Hulk Hogan erzählt, wie er seine Suchtprobleme in den Griff bekam

Hulk Hogan
Hulk Hogan ist die Kultfigur im Wrestling – und inzwischen 70 Jahre altFoto: picture alliance / ZUMAPRESS.com | Monica Herndon

Auch mit inzwischen 70 Jahren ist Hulk Hogan weiter top in Form. Mehr noch: Die Kultfigur mit Kopftuch und weiß-blondem Walross-Bart hat sich noch einmal neu entdeckt und den jahrelangen Kampf gegen Alkohol und Medikamente gewonnen. Endlich möchte man meinen! Wie er das geschafft hat, verriet er jetzt einem US-Magazin.

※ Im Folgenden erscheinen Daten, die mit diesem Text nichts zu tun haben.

(* Let $n\ge 2$ and $\gamma_1,\dots,\gamma_n>0$. For $i=1,\dots,n$ let $H_i$ be a system $\dot x_i=f_i(x_i,u_i)$, $y_i=h_i(x_i)$ with $x_i\in\mathbb{R}^{m_i}$, $u_i,y_i\in\mathbb{R}$, and suppose there is a $C^1$ function $V_i:\mathbb{R}^{m_i}\to\mathbb{R}$ with $$\nabla V_i(x_i)\cdot f_i(x_i,u_i)\le -h_i(x_i)^2+\gamma_i\,u_i\,h_i(x_i)\quad\text{for all }x_i\in\mathbb{R}^{m_i},\ u_i\in\mathbb{R}.$$ Consider the closed-loop (cyclic feedback) interconnection $u_1=-y_n$, $u_i=y_{i-1}$ for $i=2,\dots,n$, and write $y=(y_1,\dots,y_n)$. If $\cos(\pi/n)(\gamma_1\cdots\gamma_n)^{1/n}<1$ (i.e. $\gamma_1\cdots\gamma_n<\sec(\pi/n)^n$ when $n\ge3$), then there exist $d_1,\dots,d_n>0$ and $\epsilon>0$ such that $V=\sum_{i=1}^n d_iV_i$ satisfies, along the closed-loop dynamics, $$\dot V=\sum_{i=1}^n d_i\dot V_i\le -\epsilon|y|^2$$ at every state $(x_1,\dots,x_n)$.
   Context: Here $\dot V_i$ denotes $\nabla V_i(x_i)\cdot f_i(x_i,u_i)$ evaluated with the interconnection inputs. The inequality on $V_i$ is the output feedback passivity (output strict passivity) property with gain $\gamma_i$. *)

theory Defs
  imports "HOL-Analysis.Analysis"
begin

text \<open>The state space R^{m_i} of subsystem i is represented as a linear subspace S
  of an ambient Euclidean space (any finite family of spaces R^{m_i} embeds in a common
  one).\<close>
definition C1_with_gradient_on :: "'a::euclidean_space set \<Rightarrow> ('a \<Rightarrow> real) \<Rightarrow> ('a \<Rightarrow> 'a) \<Rightarrow> bool" where
  "C1_with_gradient_on S V G \<longleftrightarrow>
     (\<forall>x\<in>S. (V has_derivative (\<lambda>v. G x \<bullet> v)) (at x within S)) \<and> continuous_on S G"

definition cyclic_input :: "nat \<Rightarrow> (nat \<Rightarrow> 'a \<Rightarrow> real) \<Rightarrow> (nat \<Rightarrow> 'a) \<Rightarrow> nat \<Rightarrow> real" where
  "cyclic_input n h x i = (if i = 1 then - h n (x n) else h (i - 1) (x (i - 1)))"

end

theory Submission
  imports Defs
begin

text \<open>Rescale the outputs to z_i = e_i y_i with e_i \<gamma>_i = g e_{i-1} and e_0 = e_n, where g is the
  geometric mean of the gains. With weights d_i = e_i^2 the weighted supply rates then add up to
  -|z|^2 + g (z_1 z_2 + ... + z_{n-1} z_n - z_1 z_n). The bracket is the quadratic form of the
  anti-cyclic shift, which is at most cos(\<pi>/n) |z|^2: the difference is an explicit sum of squares
  whose coefficients come from s_k = sin(k\<pi>/n), telescoping thanks to
  s_{k-1} + s_{k+1} = 2 cos(\<pi>/n) s_k and s_n = 0. So the total is at most
  -(1 - g cos(\<pi>/n)) |z|^2, which is negative definite under the secant condition.\<close>

lemma cot_diff:
  fixes a b :: real
  assumes "sin a \<noteq> 0" "sin b \<noteq> 0"
  shows "cot a - cot b = sin (b - a) / (sin a * sin b)"
  using assms by (simp add: cot_def sin_diff field_simps)

lemma anticirculant_sos_step:
  fixes a b c d w x y \<sigma> :: real
  assumes "b \<noteq> 0" "d \<noteq> 0" "a + d = 2 * c * b"
  shows "(d * x - b * y + \<sigma> * w)\<^sup>2 / (2 * b * d)
    = c * x\<^sup>2 - a / (2 * b) * x\<^sup>2 + b / (2 * d) * y\<^sup>2 - x * y
      + \<sigma> * w * (x / b - y / d) + \<sigma>\<^sup>2 * w\<^sup>2 / (2 * b * d)"
proof -
  have a: "a = 2 * c * b - d" using assms(3) by simp
  show ?thesis unfolding a using assms(1,2) by (simp add: field_simps power2_eq_square)
qed

lemma anticirculant_sos_partial:
  fixes z :: "nat \<Rightarrow> real" and \<theta> w :: real
  defines "s \<equiv> \<lambda>k::nat. sin (real k * \<theta>)"
  assumes "\<forall>j\<in>{1..k+1}. s j \<noteq> 0"
  shows "(\<Sum>i=1..k. (s (i+1) * z i - s i * z (i+1) + sin \<theta> * w)\<^sup>2 / (2 * s i * s (i+1)))
    = cos \<theta> * (\<Sum>i=1..k. (z i)\<^sup>2) - (\<Sum>i=1..k. z i * z (i+1)) + s k / (2 * s (k+1)) * (z (k+1))\<^sup>2
      + sin \<theta> * w * (z 1 / sin \<theta> - z (k+1) / s (k+1))
      + sin \<theta> / 2 * w\<^sup>2 * (cot \<theta> - cot (real (k+1) * \<theta>))"
  using assms(2)
proof (induction k)
  case 0
  then show ?case by (simp add: s_def)
next
  case (Suc k)
  have nz: "s (k+1) \<noteq> 0" "s (k+2) \<noteq> 0" using Suc.prems by auto
  have rec: "s k + s (k+2) = 2 * cos \<theta> * s (k+1)"
    using sin_times_cos[of "real (k+1) * \<theta>" \<theta>] by (simp add: s_def algebra_simps)
  have cot: "sin \<theta> / (s (k+1) * s (k+2)) = cot (real (k+1) * \<theta>) - cot (real (k+2) * \<theta>)"
    using cot_diff[of "real (k+1) * \<theta>" "real (k+2) * \<theta>"] nz by (simp add: s_def algebra_simps)
  have "(s (k+2) * z (k+1) - s (k+1) * z (k+2) + sin \<theta> * w)\<^sup>2 / (2 * s (k+1) * s (k+2))
    = cos \<theta> * (z (k+1))\<^sup>2 - s k / (2 * s (k+1)) * (z (k+1))\<^sup>2 + s (k+1) / (2 * s (k+2)) * (z (k+2))\<^sup>2
      - z (k+1) * z (k+2) + sin \<theta> * w * (z (k+1) / s (k+1) - z (k+2) / s (k+2))
      + sin \<theta> / 2 * w\<^sup>2 * (cot (real (k+1) * \<theta>) - cot (real (k+2) * \<theta>))"
    unfolding anticirculant_sos_step[OF nz rec] cot[symmetric] by (simp add: power2_eq_square field_simps)
  moreover have "\<forall>j\<in>{1..k+1}. s j \<noteq> 0" using Suc.prems by auto
  ultimately show ?case
    using Suc.IH by (simp add: algebra_simps add_divide_distrib diff_divide_distrib)
qed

Wie kein anderer machte Hulk Hogan, der eigentlich mit bürgerlichem Namen Terrence Gene Bollea heißt, seine Sportart Wrestling ab den 80er-Jahren auf der ganzen Welt populär. Der wohl größte Wrestler aller Zeiten baute den führenden Wrestling-Verband WWE („World Wrestling Entertainment“) fast im Alleingang zu einer globalen und erfolgreichen Marke auf. Die Kultfigur mit dem Kopftuch, dem weiß-blonden Walross-Bart, den aufgepumpten Muskelbergen und der nicht mehr ganz natürlichen Bräune verdiente Hunderte Millionen US-Dollar. Aber: Der Erfolg hatte auch Schattenseiten. Die zahllosen Shows und Matches während der Karriere forderten durch die Schläge und Zusammenstöße ihren körperlichen Tribut. Folge: unzählige Operationen nach seinem Karriereende 2012 und damit die Sucht nach Medikamenten, Tabletten und Alkohol. Eine gefährliche Spirale, aus der es ohne Hilfe oft kein Entkommen gibt. Doch Hulk Hogan hat es offenbar geschafft – und dem Alkohol abgeschworen.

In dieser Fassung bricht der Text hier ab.